■ Work instructions ■
Search the data for "moreover". Return each matching line.
[Data records Boundary: Start]
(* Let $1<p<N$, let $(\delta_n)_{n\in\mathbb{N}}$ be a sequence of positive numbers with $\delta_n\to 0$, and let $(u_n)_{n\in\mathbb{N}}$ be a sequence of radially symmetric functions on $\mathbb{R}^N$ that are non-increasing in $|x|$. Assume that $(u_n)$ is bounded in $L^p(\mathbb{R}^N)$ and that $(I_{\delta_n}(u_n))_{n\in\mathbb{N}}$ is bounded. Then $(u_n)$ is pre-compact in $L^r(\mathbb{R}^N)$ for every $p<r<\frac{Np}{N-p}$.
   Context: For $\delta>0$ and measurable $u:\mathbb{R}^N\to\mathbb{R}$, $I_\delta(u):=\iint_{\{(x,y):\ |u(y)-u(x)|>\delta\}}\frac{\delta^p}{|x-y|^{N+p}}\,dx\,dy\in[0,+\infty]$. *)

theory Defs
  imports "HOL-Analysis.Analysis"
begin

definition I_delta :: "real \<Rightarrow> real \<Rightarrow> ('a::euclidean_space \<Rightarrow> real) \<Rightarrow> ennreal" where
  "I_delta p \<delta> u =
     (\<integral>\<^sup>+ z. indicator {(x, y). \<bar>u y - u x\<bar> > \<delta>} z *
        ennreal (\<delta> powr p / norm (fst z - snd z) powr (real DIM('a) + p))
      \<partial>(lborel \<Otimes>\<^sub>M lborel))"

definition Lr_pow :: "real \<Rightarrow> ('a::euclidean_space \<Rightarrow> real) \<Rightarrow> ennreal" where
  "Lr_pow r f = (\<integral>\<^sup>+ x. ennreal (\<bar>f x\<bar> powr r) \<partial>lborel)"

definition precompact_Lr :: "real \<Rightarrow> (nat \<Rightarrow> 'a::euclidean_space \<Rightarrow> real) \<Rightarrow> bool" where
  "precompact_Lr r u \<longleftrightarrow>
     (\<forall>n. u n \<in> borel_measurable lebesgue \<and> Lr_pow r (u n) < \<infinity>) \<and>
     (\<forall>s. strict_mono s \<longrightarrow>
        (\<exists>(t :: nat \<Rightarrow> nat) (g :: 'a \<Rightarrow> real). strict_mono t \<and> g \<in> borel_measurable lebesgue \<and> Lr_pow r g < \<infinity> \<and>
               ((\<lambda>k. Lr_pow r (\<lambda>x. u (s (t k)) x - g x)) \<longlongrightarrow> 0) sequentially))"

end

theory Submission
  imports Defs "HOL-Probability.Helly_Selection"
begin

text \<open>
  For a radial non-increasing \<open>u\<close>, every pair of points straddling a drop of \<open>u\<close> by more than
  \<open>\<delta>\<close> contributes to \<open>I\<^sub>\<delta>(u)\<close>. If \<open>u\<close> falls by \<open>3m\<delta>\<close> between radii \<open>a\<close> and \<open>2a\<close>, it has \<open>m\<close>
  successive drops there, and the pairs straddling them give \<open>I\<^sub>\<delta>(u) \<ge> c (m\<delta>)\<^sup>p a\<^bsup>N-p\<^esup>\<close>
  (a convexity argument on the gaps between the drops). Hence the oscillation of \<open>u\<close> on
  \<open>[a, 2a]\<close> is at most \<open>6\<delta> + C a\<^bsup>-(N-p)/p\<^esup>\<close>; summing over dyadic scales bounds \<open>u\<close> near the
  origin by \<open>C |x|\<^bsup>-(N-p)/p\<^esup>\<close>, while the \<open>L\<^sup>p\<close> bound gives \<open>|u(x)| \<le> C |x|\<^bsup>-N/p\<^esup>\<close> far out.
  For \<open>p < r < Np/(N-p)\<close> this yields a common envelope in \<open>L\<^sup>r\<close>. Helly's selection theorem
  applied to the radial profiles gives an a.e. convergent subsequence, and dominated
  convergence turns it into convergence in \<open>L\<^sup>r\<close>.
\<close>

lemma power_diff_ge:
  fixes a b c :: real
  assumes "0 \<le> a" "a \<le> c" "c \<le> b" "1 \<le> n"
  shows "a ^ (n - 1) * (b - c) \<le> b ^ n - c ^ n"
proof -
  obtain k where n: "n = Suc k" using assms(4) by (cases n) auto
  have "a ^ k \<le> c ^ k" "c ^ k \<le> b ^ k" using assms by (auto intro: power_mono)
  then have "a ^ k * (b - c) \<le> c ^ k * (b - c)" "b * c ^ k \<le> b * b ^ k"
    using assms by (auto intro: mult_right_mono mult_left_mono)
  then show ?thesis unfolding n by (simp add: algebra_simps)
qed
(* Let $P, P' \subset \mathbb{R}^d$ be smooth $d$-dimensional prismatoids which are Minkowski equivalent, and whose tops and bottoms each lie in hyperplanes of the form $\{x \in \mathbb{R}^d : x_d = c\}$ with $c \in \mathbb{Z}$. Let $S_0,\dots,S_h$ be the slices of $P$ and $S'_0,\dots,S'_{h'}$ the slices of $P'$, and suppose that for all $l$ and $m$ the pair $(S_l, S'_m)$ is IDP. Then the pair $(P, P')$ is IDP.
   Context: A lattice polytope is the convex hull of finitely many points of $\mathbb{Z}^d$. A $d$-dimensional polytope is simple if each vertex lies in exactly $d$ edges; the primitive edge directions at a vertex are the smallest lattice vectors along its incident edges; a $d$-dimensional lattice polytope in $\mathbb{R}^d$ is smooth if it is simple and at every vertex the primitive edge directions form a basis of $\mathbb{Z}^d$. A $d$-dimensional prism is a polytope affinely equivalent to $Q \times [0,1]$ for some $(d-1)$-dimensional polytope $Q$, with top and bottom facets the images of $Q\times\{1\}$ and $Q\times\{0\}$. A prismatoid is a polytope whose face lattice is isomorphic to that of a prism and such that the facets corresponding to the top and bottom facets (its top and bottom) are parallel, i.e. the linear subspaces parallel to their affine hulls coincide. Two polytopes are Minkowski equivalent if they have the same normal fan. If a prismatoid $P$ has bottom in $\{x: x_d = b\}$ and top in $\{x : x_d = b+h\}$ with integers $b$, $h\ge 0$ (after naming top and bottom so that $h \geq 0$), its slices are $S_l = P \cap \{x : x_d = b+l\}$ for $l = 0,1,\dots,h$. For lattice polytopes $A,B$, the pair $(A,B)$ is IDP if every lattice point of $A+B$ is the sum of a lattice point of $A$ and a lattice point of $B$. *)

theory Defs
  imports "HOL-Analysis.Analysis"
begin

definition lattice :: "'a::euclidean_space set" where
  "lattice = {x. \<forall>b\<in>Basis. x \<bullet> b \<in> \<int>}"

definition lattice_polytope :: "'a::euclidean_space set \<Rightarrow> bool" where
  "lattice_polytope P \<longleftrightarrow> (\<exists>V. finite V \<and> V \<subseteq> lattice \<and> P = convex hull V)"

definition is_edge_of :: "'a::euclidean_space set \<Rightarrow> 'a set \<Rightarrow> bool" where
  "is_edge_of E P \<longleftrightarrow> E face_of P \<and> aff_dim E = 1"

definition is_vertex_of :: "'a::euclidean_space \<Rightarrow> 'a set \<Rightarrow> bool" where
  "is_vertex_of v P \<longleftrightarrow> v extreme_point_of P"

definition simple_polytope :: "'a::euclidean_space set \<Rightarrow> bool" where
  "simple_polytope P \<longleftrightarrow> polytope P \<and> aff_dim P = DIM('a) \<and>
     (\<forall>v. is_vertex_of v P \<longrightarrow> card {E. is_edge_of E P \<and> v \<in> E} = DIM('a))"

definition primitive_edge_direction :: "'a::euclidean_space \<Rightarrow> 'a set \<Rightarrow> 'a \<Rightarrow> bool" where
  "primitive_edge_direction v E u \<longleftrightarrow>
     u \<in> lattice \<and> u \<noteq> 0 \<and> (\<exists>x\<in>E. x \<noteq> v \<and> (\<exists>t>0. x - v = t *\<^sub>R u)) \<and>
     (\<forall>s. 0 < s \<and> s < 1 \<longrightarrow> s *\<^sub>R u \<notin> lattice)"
[Data records Boundary: End]
[Data records Boundary: Start]
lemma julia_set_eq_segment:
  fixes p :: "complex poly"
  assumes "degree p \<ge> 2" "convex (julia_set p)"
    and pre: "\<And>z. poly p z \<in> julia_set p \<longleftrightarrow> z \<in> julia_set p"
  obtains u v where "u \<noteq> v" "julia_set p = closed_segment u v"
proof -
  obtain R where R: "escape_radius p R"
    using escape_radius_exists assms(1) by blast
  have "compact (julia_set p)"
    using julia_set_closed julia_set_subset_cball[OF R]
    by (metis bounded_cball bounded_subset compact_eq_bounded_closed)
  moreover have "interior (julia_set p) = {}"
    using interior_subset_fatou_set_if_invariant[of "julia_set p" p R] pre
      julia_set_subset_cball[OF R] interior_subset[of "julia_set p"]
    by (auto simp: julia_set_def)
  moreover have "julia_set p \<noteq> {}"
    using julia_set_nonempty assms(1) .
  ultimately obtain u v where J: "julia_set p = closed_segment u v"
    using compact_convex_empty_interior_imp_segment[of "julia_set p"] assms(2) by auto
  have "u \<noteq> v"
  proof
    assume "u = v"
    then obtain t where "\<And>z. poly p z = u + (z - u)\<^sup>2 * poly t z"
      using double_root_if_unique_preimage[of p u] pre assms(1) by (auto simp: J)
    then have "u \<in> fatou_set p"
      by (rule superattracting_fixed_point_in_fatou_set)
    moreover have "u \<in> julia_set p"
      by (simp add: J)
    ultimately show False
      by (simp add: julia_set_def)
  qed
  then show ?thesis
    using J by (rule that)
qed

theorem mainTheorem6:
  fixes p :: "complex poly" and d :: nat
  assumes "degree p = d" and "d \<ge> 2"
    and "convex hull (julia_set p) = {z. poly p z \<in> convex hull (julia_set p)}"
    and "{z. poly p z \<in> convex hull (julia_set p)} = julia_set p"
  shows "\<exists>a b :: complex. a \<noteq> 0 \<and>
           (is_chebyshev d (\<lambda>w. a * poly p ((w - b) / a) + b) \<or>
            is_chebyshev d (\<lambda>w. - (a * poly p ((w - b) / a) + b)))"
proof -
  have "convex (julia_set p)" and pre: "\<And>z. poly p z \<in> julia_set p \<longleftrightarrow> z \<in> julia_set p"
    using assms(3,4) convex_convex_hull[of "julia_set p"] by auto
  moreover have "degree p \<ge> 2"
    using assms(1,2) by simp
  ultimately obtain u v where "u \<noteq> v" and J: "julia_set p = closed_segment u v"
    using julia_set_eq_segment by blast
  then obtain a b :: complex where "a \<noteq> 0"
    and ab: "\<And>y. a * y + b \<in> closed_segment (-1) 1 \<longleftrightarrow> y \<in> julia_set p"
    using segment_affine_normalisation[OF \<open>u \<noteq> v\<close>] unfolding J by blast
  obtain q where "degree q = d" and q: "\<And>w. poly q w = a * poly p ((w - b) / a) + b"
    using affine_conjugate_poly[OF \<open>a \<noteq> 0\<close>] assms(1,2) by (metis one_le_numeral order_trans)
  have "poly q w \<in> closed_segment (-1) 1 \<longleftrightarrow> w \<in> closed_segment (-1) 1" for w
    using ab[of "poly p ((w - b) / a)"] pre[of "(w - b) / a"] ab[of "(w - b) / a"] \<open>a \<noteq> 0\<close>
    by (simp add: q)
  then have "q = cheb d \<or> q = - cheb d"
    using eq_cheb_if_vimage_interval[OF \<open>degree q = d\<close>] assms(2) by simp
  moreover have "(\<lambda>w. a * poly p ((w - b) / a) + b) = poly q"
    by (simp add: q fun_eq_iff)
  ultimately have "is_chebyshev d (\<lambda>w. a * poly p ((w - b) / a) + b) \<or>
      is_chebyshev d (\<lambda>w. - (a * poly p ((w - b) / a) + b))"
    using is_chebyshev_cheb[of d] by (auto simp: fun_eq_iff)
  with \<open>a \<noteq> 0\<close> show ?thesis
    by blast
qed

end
[Data records Boundary: End]
■ Solution to this exercise ■
  moreover have "interior (julia_set p) = {}"
  moreover have "julia_set p \<noteq> {}"
    moreover have "u \<in> julia_set p"
  moreover have "degree p \<ge> 2"
  moreover have "(\<lambda>w. a * poly p ((w - b) / a) + b) = poly q"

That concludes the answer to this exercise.